Победа – одна на всех — страница 37 из 131

На Волховском фронте, километрах в двенадцати от Невы был на болоте сухой остров. Мы его звали «остров Рудольфа». Раз я с разведчиками шел по болоту к острову. Напоролись на немцев. Они, примерно рота, вышли из-за гребня острова и стали спускаться к болоту. Естественно, и мы, и они залегли. Мы – прямо в воду за кочки. Они, идиоты, – на песчаном склоне, обращенном к нам. Как на ладони, метрах в ста пятидесяти. Мы их били на выбор. Я очень точно стрелял по ним из маузера, который подарил мне П. А Ротмистров под Калининым. Прицелишься – раз! И он только дернется. Мы обнаглели. Котяра, мой ординарец, раскурил папиросу, дал мне: «Покурите, капитуся». Так он меня звал. Я то курну, то выстрелю. Немцы уползли за бугор, а мы по болоту вернулись обратно.

Той же осенью я приезжал к генералу Калашникову, командующему артиллерией 2-й армии. Ну, лев был! Там же были Зубков, член военного совета у Кулешова, и капитан Бакай.

Когда стали выходить из блиндажа от Калашникова, шли так: Бакай, я, Зубков. И тут – шарах! Неподалеку рвется двухсотдесятимиллиметровый снаряд.

– Товарищ полковник, может быть, переждем?

Повернулись. Опять свист. Зубков успел вскочить в блиндаж, дверь за ним захлопнулась. И снаряд в двести десять миллиметров вошел в дальний от нас скат блиндажа. Дверь вырвало, она ударила меня. Сшибло. Я на Бакая, сшиб его.

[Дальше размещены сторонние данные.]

lemma shrinking_hump_limit:
  fixes hs :: "nat \<Rightarrow> real \<Rightarrow> 'a::euclidean_space"
  assumes rpos: "\<And>p. 0 < rs p" and rsm: "\<And>p. rs p \<le> (1/2)^p" and rsS: "\<And>p. rs (Suc p) \<le> rs p"
    and hsm: "\<And>p. hs p \<in> borel_measurable (lebesgue_on S)" and hsb: "\<And>p s. norm (hs p s) \<le> 1"
    and hs0: "\<And>p s. s \<in> cball t (rs p) \<Longrightarrow> hs p s = 0"
    and hsS: "\<And>p s. s \<notin> cball t (rs p) \<Longrightarrow> hs (Suc p) s = hs p s"
  shows "\<exists>H. H \<in> borel_measurable (lebesgue_on S) \<and> (\<forall>s. norm (H s) \<le> 1)
    \<and> (\<forall>p s. s \<notin> cball t (rs p) \<longrightarrow> H s = hs p s)"
proof -
  have rsmono: "rs q \<le> rs p" if "p \<le> q" for p q
    using that by (induction q rule: dec_induct) (auto intro: order_trans[OF rsS])
  have F1: "hs q s = hs p s" if "p \<le> q" "s \<notin> cball t (rs p)" for p q s
    using that(1)
  proof (induction q rule: dec_induct)
    case (step q)
    have "s \<notin> cball t (rs q)" using that(2) rsmono[OF step(1)] by auto
    then show ?case using hsS step by simp
  qed simp
  have exN: "\<exists>p. (1/2::real)^p < dist s t" if "s \<noteq> t" for s
    using real_arch_pow_inv[of "dist s t" "1/2"] that by auto
  define N where "N s = (LEAST p. (1/2::real)^p < dist s t)" for s
  have Nprop: "(1/2::real)^(N s) < dist s t" if "s \<noteq> t" for s
    unfolding N_def using LeastI_ex[OF exN[OF that]] .
  have notin: "s \<notin> cball t (rs q)" if "s \<noteq> t" "N s \<le> q" for s q
    using Nprop[OF that(1)] rsm[of q] rsmono[OF that(2)] rsm[of "N s"] by (auto simp: dist_commute)
  define H where "H s = (if s = t then 0 else hs (N s) s)" for s
  have Hev: "H s = hs p s" if "s \<notin> cball t (rs p)" for s p
  proof -
    have st: "s \<noteq> t" using that rpos[of p] by auto
    have "hs (max p (N s)) s = hs (N s) s" by (rule F1) (use notin[OF st] in auto)
    moreover have "hs (max p (N s)) s = hs p s" by (rule F1) (use that in auto)
    ultimately show ?thesis using st by (simp add: H_def)
  qed
  have Hlim: "(\<lambda>p. hs p s) \<longlonglongrightarrow> H s" for s
  proof (cases "s = t")
    case True
    then have "hs p s = 0" for p using hs0[of s p] rpos[of p] by auto
    then show ?thesis using True by (simp add: H_def)
  next
    case False
    have "eventually (\<lambda>p. hs p s = H s) sequentially"
      unfolding eventually_sequentially
    proof (intro exI allI impI)
      fix p assume "N s \<le> p"
      then show "hs p s = H s" using Hev[OF notin[OF False]] by simp
    qed
    then show ?thesis by (rule tendsto_eventually)
  qed
  have "H \<in> borel_measurable (lebesgue_on S)"
    by (rule borel_measurable_LIMSEQ_metric[OF hsm Hlim])
  moreover have "norm (H s) \<le> 1" for s by (simp add: H_def hsb)
  ultimately show ?thesis using Hev by blast
qed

Мы с ним остались живы, а Зубкову снесло полчерепа. И он, и Калашников похоронены в Старой Ладоге.

От этого удара через несколько месяцев у меня получились спайки радужной оболочки. Зрачок стал зубчатым. Света не выносил, боль ужасная, будто клещами выворачивают глазницу. Кулешов, когда увидел, послал меня в госпиталь к знаменитости – ленинградскому профессору-окулисту Нечволодову. Он осмотрел меня.

– Молодой человек, вы что, хотите остаться слепым?

Хотел положить меня в госпиталь, но раз мои тылы были от госпиталя в пяти километрах, разрешил жить у себя при условии, что меня будут привозить к нему два раза в день со скоростью десять километров в час. Дней двадцать я ничего не видел. Потом прошло.

После Синявинской операции до конца года шли тяжелые местные бои. Там, на Волховском фронте, был такой порядок: месяц воюешь, месяц отдыхаешь. Жуткие потери. Оправдание этих потерь: вести себя активно – удерживать немецкие части от переброса их на Ленинград и под Сталинград. Манштейна потом кинули под Сталинград на командование деблокирующей группировкой «Дон», но одного.

Уже спустя много лет, когда я работал в издательстве «Наука» и редактировал книгу маршала Еременко, я спросил его:

– Могли немцы тогда деблокировать Сталинград?

– Могли, конечно. Но потом, когда Манштейна отбросили, можно было действовать по-другому. Сталину приспичило уничтожить окруженную группировку. А они там кончились бы и сами. Если бы часть войск со Сталинграда бросить на Ростов и запереть Клейста на Кавказе, весь южный фланг немцев рухнул, и война кончилась бы на год раньше.

Двенадцатого января сорок третьего года началась операция по деблокаде Ленинграда. В эту зиму снег был такой, что болото не промерзло. Мы загодя чистили дороги и площадки. За сутки они промерзали, как асфальт. Но когда стреляешь, от огня все тает и летит такая грязюка!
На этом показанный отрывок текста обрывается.